A physician may advise patients to avoid overexertion by limiting activity to a certain MET level. These individuals would be given a copy of the chart. The MET scale is used most often with patients who have heart conditions, which are common complications of diabetes.
Signs and symptoms
Angina and dyspnea (shortness of breath) are two critical signs and symptoms that indicate a person may be exercising at too high of an intensity level. Angina, or angina pectoris, refers to cardiac-related chest pain that can often radiate out into the left shoulder and down into the left arm. The pain of angina can radiate into the jaw, as well. Dyspnea refers to difficulty breathing.

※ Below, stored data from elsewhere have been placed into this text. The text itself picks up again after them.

lemma C2_near_norm_minus_reflect:
  fixes f :: "real^'n \<Rightarrow> real"
  defines "g \<equiv> \<lambda>w. norm w - f (-w)"
  assumes C2: "C2_near f u" and "u \<noteq> 0"
  shows "C2_near g (-u)"
    and "grad g (-u) = grad f u - sgn u"
    and "hess g (-u) = norm_hessian u - hess f u"
proof -
  obtain U G H where U: "open U" "u \<in> U"
    and G: "\<forall>p\<in>U. (f has_derivative (\<lambda>v. G p \<bullet> v)) (at p)"
    and H: "\<forall>p\<in>U. (G has_derivative (\<lambda>v. H p *v v)) (at p)"
    and H_cont: "continuous_on U H"
    using C2 unfolding C2_near_def by blast
  define U' where "U' = uminus ` U - {0}"
  define G' where "G' q = sgn q + G (-q)" for q
  define H' where "H' q = norm_hessian q - H (-q)" for q
  have U': "open U'" "-u \<in> U'"
    using U \<open>u \<noteq> 0\<close> by (auto simp: U'_def open_negations)
  have U'_mem: "q \<noteq> 0" "-q \<in> U" if "q \<in> U'" for q
    using that by (auto simp: U'_def image_iff)
  have G': "\<forall>q\<in>U'. (g has_derivative (\<lambda>v. G' q \<bullet> v)) (at q)"
    using U'_mem G unfolding g_def G'_def by (auto intro: has_derivative_norm_minus_reflect)
  have H': "\<forall>q\<in>U'. (G' has_derivative (\<lambda>v. H' q *v v)) (at q)"
    using U'_mem H unfolding G'_def H'_def by (auto intro: has_derivative_sgn_plus_reflect)
  have "continuous_on U' H'"
    unfolding H'_def using U'_mem
    by (intro continuous_on_diff continuous_on_subset[OF continuous_on_norm_hessian]
        continuous_on_compose2[OF H_cont] continuous_intros) auto
  then show "C2_near g (-u)" unfolding C2_near_def using U' G' H' by blast
  have "grad f u = G u" "hess f u = H u" using grad_hess_eqI[OF U G] H U(2) by auto
  moreover have "grad g (-u) = G' (-u)" "hess g (-u) = H' (-u)"
    using grad_hess_eqI[OF U' G', of "H' (-u)"] H' U'(2) by auto
  ultimately show "grad g (-u) = grad f u - sgn u" "hess g (-u) = norm_hessian u - hess f u"
    by (simp_all add: G'_def H'_def sgn_minus norm_hessian_uminus)
qed

section \<open>Ordered eigenvalues\<close>

definition orthonormal_on :: "'i set \<Rightarrow> ('i \<Rightarrow> 'a::real_inner) \<Rightarrow> bool" where
  "orthonormal_on I e \<longleftrightarrow> (\<forall>i\<in>I. \<forall>j\<in>I. e i \<bullet> e j = (if i = j then 1 else 0))"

If either of these two signs and symptoms occurs, stop exercising immediately and immediately consult a health care provider.
Whatever method of monitoring exertion level during exercise is chosen, be comfortable with it before getting started with the activity. All of the methods are effective, but they do not work unless they are used correctly.
Questions for your doctor on exertion checks
Preparing questions in advance can help patients to have more meaningful discussions regarding their conditions. Patients may wish to ask their doctor the following questions related to exertion checks:
What exercise program do you recommend for me?
Should I consult a personal trainer? Can you recommend one?
What type of exertion check is best for my workout?
At what intensity should I start and how should I increase intensity?
How can I tell if I’m overdoing it?
Can overdoing it in my workout be dangerous for my health?
Could any of my medications interfere with my workout?
Is it safe to exercise at my usual intensity if I am pregnant?
What signs or symptoms should prompt me to stop my workout?
Are there any signs of symptoms I should report immediately to you if I experience them during my workout?
How much and what type of fluids should I be consuming before, during and after exercise?